Jerry Mullane
- Full name: Jeremiah Patrick Mullane
- Born: 30 April 1906 Ballagh, Newcastle West, County Limerick, Ireland
- Died: 7 April 1930 (aged 23) South Infirmary Cork, County Cork, Ireland
- School: Blackrock College
- University: University College Cork
- Occupation: Creamery Manager (Bruree)

Rugby union career
- Position: Wing-forward

Senior career
- Years: Team / Apps / (Points)
- –: Newcastle West and Bohemians

International career
- Years: Team / Apps / (Points)
- 1928: Ireland / 2 / (0)

= Jerry Mullane =

Irish rugby union player

Jeremiah Patrick Mullane (1906–1930) was an Irish international rugby union player.
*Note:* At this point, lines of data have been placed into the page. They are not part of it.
lemma wronskian_first_const_front:
  assumes "y 0 = (\<lambda>_. 1)"
  shows "wronskian_first (Suc n) y = wronskian_first n (\<lambda>l. deriv (y (Suc l)))"
proof
  fix t
  define M where "M = mat (Suc n) (Suc n) (\<lambda>(i,j). nderiv i (y j) t)"
  have M: "M \<in> carrier_mat (Suc n) (Suc n)"
    by (simp add: M_def)
  have "det M = (\<Sum>i<Suc n. M $$ (i,0) * cofactor M i 0)"
    using laplace_expansion_column[OF M] by simp
  also have "\<dots> = (\<Sum>i<Suc n. if i = 0 then cofactor M 0 0 else 0)"
    by (rule sum.cong) (auto simp: M_def assms nderiv_const)
  also have "\<dots> = cofactor M 0 0"
    by simp
  also have "\<dots> = det (mat n n (\<lambda>(i,j). nderiv i (deriv (y (Suc j))) t))"
    unfolding cofactor_def
    by (auto intro!: arg_cong[of _ _ det] eq_matI simp: M_def mat_delete_def nderiv_Suc_right)
  finally show "wronskian_first (Suc n) y t = wronskian_first n (\<lambda>l. deriv (y (Suc l))) t"
    by (simp add: wronskian_first_def M_def)
qed

lemma smooth_gseq:
  assumes "1 \<le> p" and "\<And>i. i \<in> {1..p} \<Longrightarrow> smooth (f i)"
  shows "smooth (gseq p f l)"
proof -
  have "(l - 1) mod p + 1 \<in> {1..p}"
    using assms(1) by (simp add: Suc_leI)
  then show ?thesis
    unfolding gseq_def by (intro smooth_nderiv assms(2))
qed

lemma gseq_add_self:
  assumes "1 \<le> p" and "1 \<le> i"
  shows "gseq p f (i + p) = deriv (gseq p f i)"
proof -
  have i: "i + p - 1 = (i - 1) + p"
    using assms by simp
  have "(i + p - 1) div p = Suc ((i - 1) div p)" "(i + p - 1) mod p = (i - 1) mod p"
    unfolding i using assms(1) by simp_all
  then show ?thesis
    by (simp add: gseq_def nderiv_Suc)
qed

text \<open>Adjoins \<open>g\<^sub>0 = 1\<close>; \<^const>\<open>gseq\<close> itself is junk at index 0.\<close>

definition gseq_ext :: "nat \<Rightarrow> (nat \<Rightarrow> real \<Rightarrow> real) \<Rightarrow> nat \<Rightarrow> real \<Rightarrow> real" where
  "gseq_ext p f j = (if j = 0 then (\<lambda>_. 1) else gseq p f j)"

lemma smooth_gseq_ext:
  "1 \<le> p \<Longrightarrow> (\<And>i. i \<in> {1..p} \<Longrightarrow> smooth (f i)) \<Longrightarrow> smooth (gseq_ext p f l)"
  by (auto simp: gseq_ext_def smooth_const intro: smooth_gseq)

lemma fseq_nonpos: "j \<le> 0 \<Longrightarrow> fseq p f j = (\<lambda>_. 1)"
  by (simp add: fseq_def)

lemma fseq_eq_wronskian:
  assumes "1 \<le> k" and "k \<le> p + 1"
  shows "fseq p f (int k + (int p + 1) * int m) = wronskian m (\<lambda>l. gseq p f (k + l))"
proof -
  have j: "int k + (int p + 1) * int m - 1 = (int k - 1) + int m * (int p + 1)"
    by (simp add: algebra_simps)
  have "(int k + (int p + 1) * int m - 1) mod (int p + 1) = int k - 1"
    "(int k + (int p + 1) * int m - 1) div (int p + 1) = int m"
    unfolding j using assms by simp_all
  moreover have "Suc (nat (int k - 1) + l) = k + l" for l
    using assms by simp
  moreover have "\<not> int k + (int p + 1) * int m \<le> 0"
    using assms zero_le_mult_iff[of "int p + 1" "int m"] by linarith
  ultimately show ?thesis
    by (simp add: fseq_def Let_def)
qed

lemma fseq_eq_wronskian_first_gseq:
  assumes "1 \<le> k" and "k \<le> p + 1"
  shows "fseq p f (int k + (int p + 1) * (int m - 1)) = wronskian_first m (\<lambda>l. gseq p f (k + l))"
proof (cases m)
  case 0
  then show ?thesis
    using assms by (simp add: fseq_nonpos)
next
  case (Suc m')
  then show ?thesis
    using fseq_eq_wronskian[OF assms, where f = f and m = m'] by (simp add: wronskian_eq_wronskian_first)
qed

lemma fseq_eq_wronskian_first:
  assumes p: "1 \<le> p" and k: "k \<le> p + 1"
  shows "fseq p f (int k + (int p + 1) * (int m - 1)) = wronskian_first m (\<lambda>l. gseq_ext p f (k + l))"
proof (cases "k = 0")
  case False
  then have "(\<lambda>l. gseq_ext p f (k + l)) = (\<lambda>l. gseq p f (k + l))"
    by (simp add: gseq_ext_def)
  then show ?thesis
    using False k fseq_eq_wronskian_first_gseq[of k p f m] by simp
next
  case True
  show ?thesis
  proof (cases m)
    case 0
    then show ?thesis
      using True by (simp add: fseq_nonpos)
  next
    case (Suc m')
    have "(\<lambda>l. deriv (gseq_ext p f (Suc l))) = (\<lambda>l. gseq p f (p + 1 + l))"
      using gseq_add_self[OF p, of "Suc _" f] by (simp add: gseq_ext_def add_ac)
    then have "wronskian_first m (gseq_ext p f) = wronskian_first m' (\<lambda>l. gseq p f (p + 1 + l))"
      using Suc by (simp add: wronskian_first_const_front gseq_ext_def)
    moreover have "int k + (int p + 1) * (int m - 1) = int (p + 1) + (int p + 1) * (int m' - 1)"
      using True Suc by (simp add: algebra_simps)
    ultimately show ?thesis
      using True fseq_eq_wronskian_first_gseq[of "p + 1" p f m'] by simp
  qed
qed
(* Assume the standing setup below. Then for every phase change number $s_i$ of $X$ with $i\ge 1$, the function $\pi_0V_{s_i}(X)\to\pi_0V_{s_i}(Y)$, $[x]_{s_i,X}\mapsto[x]_{s_i,Y}$, induced by the inclusion $X\subseteq Y$, is a bijection.
   Context: For a finite set $Z\subset\mathbb{R}^n$ and a real number $s\ge 0$, the Vietoris–Rips complex $V_s(Z)$ is the simplicial complex with vertex set $Z$ whose simplices are the nonempty subsets $\sigma\subseteq Z$ with $d(z,z')\le s$ for all $z,z'\in\sigma$ ($d$ the Euclidean distance). For $z\in Z$, $[z]_{s,Z}\subseteq Z$ denotes the set of vertices of the path component of $V_s(Z)$ containing $z$, and $\pi_0V_s(Z)$ is the set of path components. Standing setup: $X\subset\mathbb{R}^n$ is a finite set with at least two points, $y\in\mathbb{R}^n\setminus X$, $Y=X\sqcup\{y\}$. The phase change numbers of $X$ are the distinct values $0=s_0<s_1<\dots<s_k$ of $d(x,x')$ for $x,x'\in X$. There are $x_0\in X$ and a real $r>0$ with $d(y,x_0)<r$ and $r<s_{i+1}-s_i$ for all $0\le i<k$. *)

theory Defs
  imports "HOL-Analysis.Analysis"
begin

definition VR :: "real \<Rightarrow> 'a::metric_space set \<Rightarrow> 'a set set" where
  "VR s Z = {\<sigma>. \<sigma> \<noteq> {} \<and> \<sigma> \<subseteq> Z \<and> (\<forall>z\<in>\<sigma>. \<forall>z'\<in>\<sigma>. dist z z' \<le> s)}"

definition VR_edge :: "real \<Rightarrow> 'a::metric_space set \<Rightarrow> ('a \<times> 'a) set" where
  "VR_edge s Z = {(z, z'). {z, z'} \<in> VR s Z}"

text \<open>Vertex set of the path component of V_s(Z) containing z, i.e. [z]_{s,Z}:
  vertices reachable from z by an edge path in the complex.\<close>
definition VR_comp :: "real \<Rightarrow> 'a::metric_space set \<Rightarrow> 'a \<Rightarrow> 'a set" where
  "VR_comp s Z z = {z'. (z, z') \<in> (VR_edge s Z)\<^sup>*}"

text \<open>pi_0 V_s(Z), components represented by their vertex sets.\<close>
definition VR_pi0 :: "real \<Rightarrow> 'a::metric_space set \<Rightarrow> 'a set set" where
  "VR_pi0 s Z = VR_comp s Z ` Z"

definition phase_changes :: "'a::metric_space set \<Rightarrow> real list" where
  "phase_changes X = sorted_list_of_set {dist x x' | x x'. x \<in> X \<and> x' \<in> X}"

end

theory Submission
  imports Defs
begin

text \<open>Collapsing the new point y onto x0 maps edges of V_s(X \<union> {y}) to edges or loops of
  V_s(X) as soon as every neighbour of y in X is also a neighbour of x0. This retraction fixes X,
  so connectivity between points of X is the same in both complexes, and y itself lies in the
  component of x0. The gap condition on the phase change numbers supplies the neighbour condition:
  by the triangle inequality, a neighbour of y is within s_i + r of x0, and no distance of X lies
  in the open interval (s_i, s_i + r).\<close>

lemma VR_edge_iff:
  assumes "s \<ge> 0"
  shows "(a, b) \<in> VR_edge s Z \<longleftrightarrow> a \<in> Z \<and> b \<in> Z \<and> dist a b \<le> s"
  using assms unfolding VR_edge_def VR_def by (auto simp: dist_commute)

lemma sym_VR_edge: "sym (VR_edge s Z)"
  unfolding VR_edge_def by (auto intro: symI simp: insert_commute)

lemma VR_edge_mono: "Z \<subseteq> Z' \<Longrightarrow> VR_edge s Z \<subseteq> VR_edge s Z'"
  unfolding VR_edge_def VR_def by auto

lemma VR_comp_eq_iff: "VR_comp s Z a = VR_comp s Z b \<longleftrightarrow> (a, b) \<in> (VR_edge s Z)\<^sup>*"
proof
  assume "VR_comp s Z a = VR_comp s Z b"
  moreover have "b \<in> VR_comp s Z b" unfolding VR_comp_def by simp
  ultimately show "(a, b) \<in> (VR_edge s Z)\<^sup>*" unfolding VR_comp_def by auto
next
  assume ab: "(a, b) \<in> (VR_edge s Z)\<^sup>*"
  then have "(b, a) \<in> (VR_edge s Z)\<^sup>*"
    using sym_rtrancl[OF sym_VR_edge] by (auto dest: symD)
  with ab show "VR_comp s Z a = VR_comp s Z b"
    unfolding VR_comp_def by (auto intro: rtrancl_trans)
qed

lemma rtrancl_VR_edge_mono: "Z \<subseteq> Z' \<Longrightarrow> (VR_edge s Z)\<^sup>* \<subseteq> (VR_edge s Z')\<^sup>*"
  by (intro rtrancl_mono VR_edge_mono)

lemma VR_comp_eq_mono:
  "Z \<subseteq> Z' \<Longrightarrow> VR_comp s Z a = VR_comp s Z b \<Longrightarrow> VR_comp s Z' a = VR_comp s Z' b"
  unfolding VR_comp_eq_iff using rtrancl_VR_edge_mono by blast

lemma VR_edge_insert_retract:
  fixes X :: "'a::metric_space set"
  assumes "s \<ge> 0" and "x0 \<in> X"
    and nbrs: "\<And>a. a \<in> X \<Longrightarrow> dist y a \<le> s \<Longrightarrow> dist x0 a \<le> s"
    and edge: "(a, b) \<in> VR_edge s (insert y X)"
  defines "g \<equiv> \<lambda>z. if z = y then x0 else z"
  shows "(g a, g b) \<in> (VR_edge s X)\<^sup>="
proof -
  have ab: "a \<in> insert y X" "b \<in> insert y X" "dist a b \<le> s"
    using edge VR_edge_iff[OF \<open>s \<ge> 0\<close>, of a b "insert y X"] by simp_all
  have "g a \<in> X" "g b \<in> X"
    using ab(1,2) \<open>x0 \<in> X\<close> unfolding g_def by auto
  moreover have "dist (g a) (g b) \<le> s"
  proof (cases "a = y"; cases "b = y")
    assume "a = y" "b \<noteq> y"
    then show ?thesis using ab nbrs[of b] unfolding g_def by simp
  next
    assume "a \<noteq> y" "b = y"
    then show ?thesis using ab nbrs[of a] unfolding g_def by (simp add: dist_commute)
  qed (use ab \<open>s \<ge> 0\<close> in \<open>simp_all add: g_def\<close>)
  ultimately show ?thesis
    using VR_edge_iff[OF \<open>s \<ge> 0\<close>] by blast
qed

lemma rtrancl_VR_edge_insert_iff:
  fixes X :: "'a::metric_space set"
  assumes "s \<ge> 0" and "x0 \<in> X" and "y \<notin> X"
    and nbrs: "\<And>a. a \<in> X \<Longrightarrow> dist y a \<le> s \<Longrightarrow> dist x0 a \<le> s"
    and "a \<in> X" and "b \<in> X"
  shows "(a, b) \<in> (VR_edge s (insert y X))\<^sup>* \<longleftrightarrow> (a, b) \<in> (VR_edge s X)\<^sup>*"
proof
  define g where "g z = (if z = y then x0 else z)" for z
  assume "(a, b) \<in> (VR_edge s (insert y X))\<^sup>*"
  then have "(g a, g b) \<in> (VR_edge s X)\<^sup>*"
  proof (induction rule: rtrancl_induct)
    case (step b c)
    have "(g b, g c) \<in> (VR_edge s X)\<^sup>="
      using VR_edge_insert_retract[OF assms(1,2) nbrs step(2)] unfolding g_def by simp
    with step(3) show ?case by (auto intro: rtrancl_into_rtrancl)
  qed simp
  moreover have "a \<noteq> y" "b \<noteq> y"
    using \<open>a \<in> X\<close> \<open>b \<in> X\<close> \<open>y \<notin> X\<close> by auto
  ultimately show "(a, b) \<in> (VR_edge s X)\<^sup>*"
    unfolding g_def by simp
next
  show "(a, b) \<in> (VR_edge s X)\<^sup>* \<Longrightarrow> (a, b) \<in> (VR_edge s (insert y X))\<^sup>*"
    using rtrancl_VR_edge_mono[OF subset_insertI] by blast
qed

lemma VR_comp_SOME:
  assumes "Z \<subseteq> Z'"
  shows "VR_comp s Z' (SOME x. x \<in> VR_comp s Z z) = VR_comp s Z' z"
proof -
  have "z \<in> VR_comp s Z z" unfolding VR_comp_def by simp
  then have "(SOME x. x \<in> VR_comp s Z z) \<in> VR_comp s Z z" by (rule someI)
  then have "(z, SOME x. x \<in> VR_comp s Z z) \<in> (VR_edge s Z')\<^sup>*"
    using rtrancl_VR_edge_mono[OF assms] unfolding VR_comp_def by blast
  then show ?thesis
    by (metis VR_comp_eq_iff)
qed

lemma bij_betw_VR_pi0_insert:
  fixes X :: "'a::metric_space set"
  assumes "s \<ge> 0" and "x0 \<in> X" and "y \<notin> X" and "dist y x0 \<le> s"
    and nbrs: "\<And>a. a \<in> X \<Longrightarrow> dist y a \<le> s \<Longrightarrow> dist x0 a \<le> s"
  shows "bij_betw (\<lambda>C. VR_comp s (insert y X) (SOME x. x \<in> C))
           (VR_pi0 s X) (VR_pi0 s (insert y X))"
proof -
  let ?F = "\<lambda>C. VR_comp s (insert y X) (SOME x. x \<in> C)"
  have F: "?F (VR_comp s X z) = VR_comp s (insert y X) z" for z
    by (rule VR_comp_SOME) auto
  have "inj_on ?F (VR_pi0 s X)"
  proof (rule inj_onI)
    fix C C' assume "C \<in> VR_pi0 s X" "C' \<in> VR_pi0 s X" and eq: "?F C = ?F C'"
    then obtain a b where ab: "a \<in> X" "b \<in> X" "C = VR_comp s X a" "C' = VR_comp s X b"
      unfolding VR_pi0_def by blast
    with eq have "(a, b) \<in> (VR_edge s (insert y X))\<^sup>*"
      by (simp add: F VR_comp_eq_iff)
    then show "C = C'"
      using rtrancl_VR_edge_insert_iff[OF assms(1-3) nbrs ab(1,2)] ab(3,4)
      by (simp add: VR_comp_eq_iff)
  qed
  moreover have "VR_comp s (insert y X) y = VR_comp s (insert y X) x0"
    unfolding VR_comp_eq_iff using VR_edge_iff[OF \<open>s \<ge> 0\<close>] assms(2,4) by blast
  then have "VR_comp s (insert y X) ` insert y X = VR_comp s (insert y X) ` X"
    using \<open>x0 \<in> X\<close> by (simp add: insert_absorb)
  then have "?F ` VR_pi0 s X = VR_pi0 s (insert y X)"
    unfolding VR_pi0_def image_image F by simp
  ultimately show ?thesis
    unfolding bij_betw_def by blast
qed

lemma set_phase_changes:
  assumes "finite X"
  shows "set (phase_changes X) = {dist x x' | x x'. x \<in> X \<and> x' \<in> X}"
proof -
  have "{dist x x' | x x'. x \<in> X \<and> x' \<in> X} = (\<lambda>(x, x'). dist x x') ` (X \<times> X)"
    by auto
  then show ?thesis
    unfolding phase_changes_def using assms by simp
qed

lemma phase_change_gt_gap:
  assumes "finite X"
    and gap: "\<And>j. j + 1 < length (phase_changes X) \<Longrightarrow>
                r < phase_changes X ! (j + 1) - phase_changes X ! j"
    and "1 \<le> i" and "i < length (phase_changes X)"
  shows "r < phase_changes X ! i"
proof -
  let ?L = "phase_changes X"
  have "?L ! 0 \<in> set ?L"
    using assms(4) by (intro nth_mem) linarith
  then have "0 \<le> ?L ! 0"
    using set_phase_changes[OF \<open>finite X\<close>] by auto
  moreover have "?L ! 1 \<le> ?L ! i"
    using sorted_nth_mono[of ?L 1 i] assms(3,4) unfolding phase_changes_def by simp
  ultimately show ?thesis
    using gap[of 0] assms(3,4) by simp
qed

lemma dist_le_phase_change:
  assumes "finite X"
    and gap: "\<And>j. j + 1 < length (phase_changes X) \<Longrightarrow>
                r < phase_changes X ! (j + 1) - phase_changes X ! j"
    and "i < length (phase_changes X)"
    and "a \<in> X" and "b \<in> X" and "dist a b < phase_changes X ! i + r"
  shows "dist a b \<le> phase_changes X ! i"
proof -
  let ?L = "phase_changes X"
  have sorted: "sorted ?L" unfolding phase_changes_def by simp
  have "dist a b \<in> set ?L"
    using set_phase_changes[OF \<open>finite X\<close>] assms(4,5) by auto
  then obtain j where j: "j < length ?L" "?L ! j = dist a b"
    by (auto simp: in_set_conv_nth)
  show ?thesis
  proof (cases "j \<le> i")
    case True
    then show ?thesis using sorted_nth_mono[OF sorted True assms(3)] j by simp
  next
    case False
    then have "?L ! (i + 1) \<le> ?L ! j" using sorted_nth_mono[OF sorted _ j(1)] by simp
    then show ?thesis using gap[of i] False j assms(6) by simp
  qed
qed

theorem corollary12:
  fixes X :: "(real ^ 'n) set" and y x0 :: "real ^ 'n" and r :: real
  assumes "finite X" and "card X \<ge> 2"
    and "y \<notin> X"
    and "x0 \<in> X" and "r > 0" and "dist y x0 < r"
    and "\<forall>i. i + 1 < length (phase_changes X) \<longrightarrow>
           r < phase_changes X ! (i + 1) - phase_changes X ! i"
    and "1 \<le> i" and "i < length (phase_changes X)"
  shows "(\<forall>x\<in>X. \<forall>x'\<in>X.
            VR_comp (phase_changes X ! i) X x = VR_comp (phase_changes X ! i) X x' \<longrightarrow>
            VR_comp (phase_changes X ! i) (insert y X) x = VR_comp (phase_changes X ! i) (insert y X) x')
      \<and> bij_betw (\<lambda>C. VR_comp (phase_changes X ! i) (insert y X) (SOME x. x \<in> C))
           (VR_pi0 (phase_changes X ! i) X) (VR_pi0 (phase_changes X ! i) (insert y X))"
proof -
  define s where "s = phase_changes X ! i"
  have gap: "\<And>j. j + 1 < length (phase_changes X) \<Longrightarrow>
               r < phase_changes X ! (j + 1) - phase_changes X ! j"
    using assms(7) by blast
  have "r < s"
    unfolding s_def using phase_change_gt_gap[OF \<open>finite X\<close> gap assms(8,9)] .
  have nbrs: "dist x0 a \<le> s" if "a \<in> X" "dist y a \<le> s" for a
  proof -
    have "dist x0 a \<le> dist x0 y + dist y a" by (rule dist_triangle)
    then have "dist x0 a < s + r" using assms(6) that(2) by (simp add: dist_commute)
    then show ?thesis
      unfolding s_def using dist_le_phase_change[OF \<open>finite X\<close> gap assms(9,4) that(1)] by blast
  qed
  have "0 \<le> s" "dist y x0 \<le> s"
    using \<open>r < s\<close> assms(5,6) by simp_all
  then show ?thesis
    unfolding s_def[symmetric]
    using VR_comp_eq_mono[OF subset_insertI, of s X]
      bij_betw_VR_pi0_insert[OF _ assms(4,3) _ nbrs] by blast
qed

end
lemma trace_mult_transpose_eq_inner: "trace ((A::real^'n^'m) ** transpose B) = B \<bullet> A"
  unfolding inner_matrix_eq_trace by (rule trace_mul_sym)

lemma trace_symmetric_mult_eq_inner:
  "transpose S = S \<Longrightarrow> trace ((S::real^'n^'n) ** A) = S \<bullet> A"
  using trace_matrix_mult_eq_inner[of S A] by simp

lemma trace_mult3_transpose_eq_inner_left:
  "trace ((A::real^'k^'m) ** B ** transpose D) = B \<bullet> (transpose A ** D)"
  unfolding trace_mult_transpose_eq_inner by (subst inner_commute) (rule inner_matrix_mult_left)

lemma trace_mult3_transpose_eq_inner_right:
  "trace ((A::real^'k^'m) ** B ** transpose D) = A \<bullet> (D ** transpose B)"
  unfolding trace_mult_transpose_eq_inner by (subst inner_commute) (rule inner_matrix_mult_right)

lemma trace_symmetric_sandwich:
  fixes M :: "real^'n^'n" and N :: "real^'r^'r" and Y Z :: "real^'r^'n"
  assumes "transpose M = M" "transpose N = N"
  shows "trace (transpose Y ** M ** Z ** N) = trace (transpose Z ** M ** Y ** N)"
proof -
  have "trace (transpose Y ** M ** Z ** N) = trace (transpose (transpose Y ** M ** Z ** N))"
    by (rule trace_transpose[symmetric])
  also have "\<dots> = trace (N ** (transpose Z ** M ** Y))"
    by (simp add: matrix_transpose_mul assms matrix_mul_assoc)
  also have "\<dots> = trace (transpose Z ** M ** Y ** N)"
    by (subst trace_mul_sym) (simp add: matrix_mul_assoc)
  finally show ?thesis .
qed

lemma inner_matrix_mult_transpose: "((Y::real^'k^'n) ** transpose D) \<bullet> K = D \<bullet> (transpose K ** Y)"
  by (metis inner_commute inner_matrix_mult_left inner_matrix_mult_right transpose_transpose)

lemma inner_sylvester_adjoint:
  "((A::real^'n^'n) ** Y + Y ** transpose G) \<bullet> K = Y \<bullet> (transpose A ** K + K ** G)"
  using inner_matrix_mult_left[of A Y K] inner_matrix_mult_right[of Y "transpose G" K]
  by (simp add: inner_add_left inner_add_right)

lemma inner_symmetrized_mult:
  assumes "transpose L = L"
  shows "((Y::real^'k^'n) ** transpose Z + Z ** transpose Y) \<bullet> L = 2 * (Z \<bullet> (L ** Y))"
  using inner_matrix_mult_transpose[of Y Z L] inner_matrix_mult_right[of Z "transpose Y" L] assms
  by (simp add: inner_add_left)

lemma inner_transpose_matrix_mult: "(transpose E ** (Y::real^'k^'n)) \<bullet> S = E \<bullet> (Y ** transpose S)"
  using inner_matrix_mult_right[of "transpose E" Y S] inner_transpose[of E "Y ** transpose S"]
  by (simp add: matrix_transpose_mul)

section \<open>Polynomials evaluated at matrices\<close>

lemma mat_add: "mat (a + b) = (mat a + mat b :: 'a::semiring_1^'n^'n)"
  by (vector mat_def)

lemma mat_uminus: "mat (- a) = (- mat a :: 'a::ring_1^'n^'n)"
  by (vector mat_def)

lemma mat_mult_left: "(mat c :: 'a::comm_semiring_1^'m^'m) ** A = (\<chi> i j. c * A $ i $ j)"
  unfolding matrix_matrix_mult_def mat_def
  by (auto simp: vec_eq_iff if_distrib if_distribR sum.delta cong: if_cong)

lemma mat_mult_right: "(A :: 'a::comm_semiring_1^'m^'n) ** mat c = (\<chi> i j. c * A $ i $ j)"
  unfolding matrix_matrix_mult_def mat_def
  by (auto simp: vec_eq_iff if_distrib if_distribR sum.delta' mult.commute cong: if_cong)

lemma mat_mult_commute: "(mat c :: 'a::comm_semiring_1^'n^'n) ** A = A ** mat c"
  by (simp add: mat_mult_left mat_mult_right)

lemma matrix_mult_mat_left_commute:
  "(A::'a::comm_semiring_1^'n^'n) ** (mat c ** B) = mat c ** (A ** B)"
  by (metis matrix_mul_assoc mat_mult_commute)

lemma mat_mult: "mat (a * b) = (mat a ** mat b :: 'a::comm_semiring_1^'n^'n)"
  by (simp add: mat_mult_left) (vector mat_def)

lemma matrix_mult_sum_right:
  "finite S \<Longrightarrow> (A::'a::semiring_1^'n^'m) ** (\<Sum>i\<in>S. f i) = (\<Sum>i\<in>S. A ** f i)"
  by (induction S rule: finite_induct) (auto simp: matrix_add_ldistrib)

fun matrix_pow :: "'a::semiring_1^'n^'n \<Rightarrow> nat \<Rightarrow> 'a^'n^'n" where
  "matrix_pow A 0 = mat 1"
| "matrix_pow A (Suc k) = A ** matrix_pow A k"

fun matrix_prod :: "nat \<Rightarrow> (nat \<Rightarrow> 'a::semiring_1^'n^'n) \<Rightarrow> 'a^'n^'n" where
  "matrix_prod 0 f = mat 1"
| "matrix_prod (Suc d) f = matrix_prod d f ** f d"

definition poly_matrix :: "'a::comm_ring_1 poly \<Rightarrow> 'a^'n^'n \<Rightarrow> 'a^'n^'n" where
  "poly_matrix p A = (\<Sum>k\<le>degree p. mat (coeff p k) ** matrix_pow A k)"

lemma poly_matrix_eq_sum:
  assumes "degree p \<le> N"
  shows "poly_matrix p A = (\<Sum>k\<le>N. mat (coeff p k) ** matrix_pow A k)"
  unfolding poly_matrix_def
  by (rule sum.mono_neutral_left) (use assms in \<open>auto simp: coeff_eq_0\<close>)

lemma poly_matrix_0 [simp]: "poly_matrix 0 A = 0"
  by (simp add: poly_matrix_def)

lemma poly_matrix_const: "poly_matrix [:a:] A = mat a"
  by (simp add: poly_matrix_def)

lemma poly_matrix_add: "poly_matrix (p + q) A = poly_matrix p A + poly_matrix q A"
proof -
  let ?N = "max (degree p) (degree q)"
  have "poly_matrix (p + q) A = (\<Sum>k\<le>?N. mat (coeff (p + q) k) ** matrix_pow A k)"
    by (rule poly_matrix_eq_sum) (simp add: degree_add_le)
  also have "\<dots> = (\<Sum>k\<le>?N. mat (coeff p k) ** matrix_pow A k)
                 + (\<Sum>k\<le>?N. mat (coeff q k) ** matrix_pow A k)"
    by (simp add: mat_add matrix_add_rdistrib sum.distrib)
  also have "\<dots> = poly_matrix p A + poly_matrix q A"
    using poly_matrix_eq_sum[of p ?N A] poly_matrix_eq_sum[of q ?N A] by simp
  finally show ?thesis .
qed

lemma poly_matrix_sum:
  "finite S \<Longrightarrow> poly_matrix (\<Sum>i\<in>S. f i) A = (\<Sum>i\<in>S. poly_matrix (f i) A)"
  by (induction S rule: finite_induct) (auto simp: poly_matrix_add)

lemma poly_matrix_smult: "poly_matrix (smult a p) A = mat a ** poly_matrix p A"
proof -
  have "poly_matrix (smult a p) A = (\<Sum>k\<le>degree p. mat (coeff (smult a p) k) ** matrix_pow A k)"
    by (rule poly_matrix_eq_sum) (simp add: degree_smult_le)
  then show ?thesis
    by (simp add: poly_matrix_def matrix_mult_sum_right mat_mult matrix_mul_assoc)
qed

lemma poly_matrix_pCons_0: "poly_matrix (pCons 0 p) A = A ** poly_matrix p A"
proof -
  have "poly_matrix (pCons 0 p) A
      = (\<Sum>k\<le>Suc (degree p). mat (coeff (pCons 0 p) k) ** matrix_pow A k)"
    by (rule poly_matrix_eq_sum) (simp add: degree_pCons_le)
  also have "\<dots> = (\<Sum>k\<le>degree p. mat (coeff p k) ** (A ** matrix_pow A k))"
    by (subst sum.atMost_Suc_shift) simp
  also have "\<dots> = A ** poly_matrix p A"
    unfolding poly_matrix_def matrix_mult_sum_right[OF finite_atMost]
    by (simp add: matrix_mult_mat_left_commute)
  finally show ?thesis .
qed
A native of Ballagh, Killeedy, County Limerick, Mullane attended Blackrock College, where he was rugby captain, and subsequently studied dairy science at University College Cork. He played rugby for Munster, University College Cork and Limerick clubs Newcastle West and Bohemians.

Mullane got his Ireland opportunity in 1928 as a replacement for forward Charles Hanrahan, whose brother had been killed in an accident playing rugby. He debuted as a wing-forward against Wales in Cardiff and gained a second cap in an end of year match against France in Paris.

In 1930, Mullane died of a sudden illness in Cork, at the age of 23.